Post by _tapirrider »

brade wrote:I can't find anything about this supposed ancient temple in Tennessee. Anyone else been able to find anything?


The photo comes from the Smithsonian Institution Bureau of American Ethnology, Bulletin 118, 1938, "An Archaeological Survey of the Norris Basin in Eastern Tennessee" by William S. Webb. It is plate 108 in the photos and is Site No. 19, Cox Mound.

The photo can be seen online at this link
http://archive.org/stream/bulletin118sm ... 7/mode/2up

You can download the entire report from this link
http://archive.org/details/bulletin118smit

Site No. 19, Cox Mound, can be read on pages 161 to 179. These structures are known to have been built by Native American peoples during the Mississippian period approximately AD 900-1500. The report gives many examples of burial comparisons to known practices of the Creek Indians and others.

The claim made on the video about it being a temple comes from an old newspaper article of 1934 from the Associated Press. Here is a link to one of the papers that published it.

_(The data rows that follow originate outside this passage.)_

fun oc_reverse :: "ocircle \<Rightarrow> ocircle" where
  "oc_reverse (OCirc c r) = OCirc c (- r)"
| "oc_reverse (OLine h m) = OLine (- h) (- m)"

fun is_line :: "ocircle \<Rightarrow> bool" where
  "is_line (OCirc c r) = False"
| "is_line (OLine h m) = True"

text \<open>Tangency: two distinct parallel lines are tangent (at infinity); otherwise
  (at least one genuine circle) tangency means the two point sets meet in exactly one point.\<close>
definition oc_tangent :: "ocircle \<Rightarrow> ocircle \<Rightarrow> bool" where
  "oc_tangent C1 C2 =
     (if is_line C1 \<and> is_line C2
      then (\<exists>h m h' m'. C1 = OLine h m \<and> C2 = OLine h' m' \<and> (h' = h \<or> h' = - h)
                          \<and> oc_points C1 \<inter> oc_points C2 = {})
      else (\<exists>!p. p \<in> oc_points C1 \<inter> oc_points C2))"

text \<open>Tangency point, in the plane extended by the point at infinity (None).\<close>
definition oc_tangency_point :: "ocircle \<Rightarrow> ocircle \<Rightarrow> (real^2) option" where
  "oc_tangency_point C1 C2 =
     (if is_line C1 \<and> is_line C2 then None
      else Some (THE p. p \<in> oc_points C1 \<inter> oc_points C2))"

definition descartes_config :: "(4 \<Rightarrow> ocircle) \<Rightarrow> bool" where
  "descartes_config D \<longleftrightarrow>
     (\<forall>i. ocircle_wf (D i)) \<and>
     (\<forall>i j. i \<noteq> j \<longrightarrow> oc_tangent (D i) (D j)) \<and>
     (\<forall>i j k l. i \<noteq> j \<longrightarrow> k \<noteq> l \<longrightarrow> {i, j} \<noteq> {k, l} \<longrightarrow>
        oc_tangency_point (D i) (D j) \<noteq> oc_tangency_point (D k) (D l))"

definition oriented_descartes_config :: "(4 \<Rightarrow> ocircle) \<Rightarrow> bool" where
  "oriented_descartes_config D \<longleftrightarrow>
     descartes_config D \<and>
     ((\<forall>i j. i \<noteq> j \<longrightarrow> oc_interior (D i) \<inter> oc_interior (D j) = {}) \<or>
      (\<forall>i j. i \<noteq> j \<longrightarrow>
          oc_interior (oc_reverse (D i)) \<inter> oc_interior (oc_reverse (D j)) = {}))"

fun aug_coords :: "ocircle \<Rightarrow> real^4" where
  "aug_coords (OCirc c r) = vector [(c \<bullet> c - r\<^sup>2) / r, 1 / r, c$1 / r, c$2 / r]"
| "aug_coords (OLine h m) = vector [2 * m, 0, h$1, h$2]"

definition W_matrix :: "(4 \<Rightarrow> ocircle) \<Rightarrow> real^4^4" where
  "W_matrix D = (\<chi> i. aug_coords (D i))"

definition Q_D :: "real^4^4" where
  "Q_D = mat 1 - (\<chi> i j. 1 / 2)"

definition Q_W :: "real^4^4" where
  "Q_W = vector [vector [0, -4, 0, 0], vector [-4, 0, 0, 0], vector [0, 0, 2, 0], vector [0, 0, 0, 2]]"

definition Q_L :: "real^4^4" where
  "Q_L = vector [vector [-1, 0, 0, 0], vector [0, 1, 0, 0], vector [0, 0, 1, 0], vector [0, 0, 0, 1]]"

The Florence Times, Florence Alabama, March 23, 1934
http://news.google.com/newspapers?id=cS ... gypt&hl=en

The claims being made in the Lost Civilizations of North America DVD are not supported with science. Here are more links to scientists' statements and writings about the DVD.

Statement about "The Lost Civilizations of North America" DVD
http://ohio-archaeology.blogspot.com/20 ... ns-of.html

"In our opinion, there is no compelling archaeological or genetic evidence for a migration from the Middle East to North America a few thousand years ago, nor is there any credible scientific evidence that Old World civilizations were involved in developing Native American cultures in pre-Columbian times."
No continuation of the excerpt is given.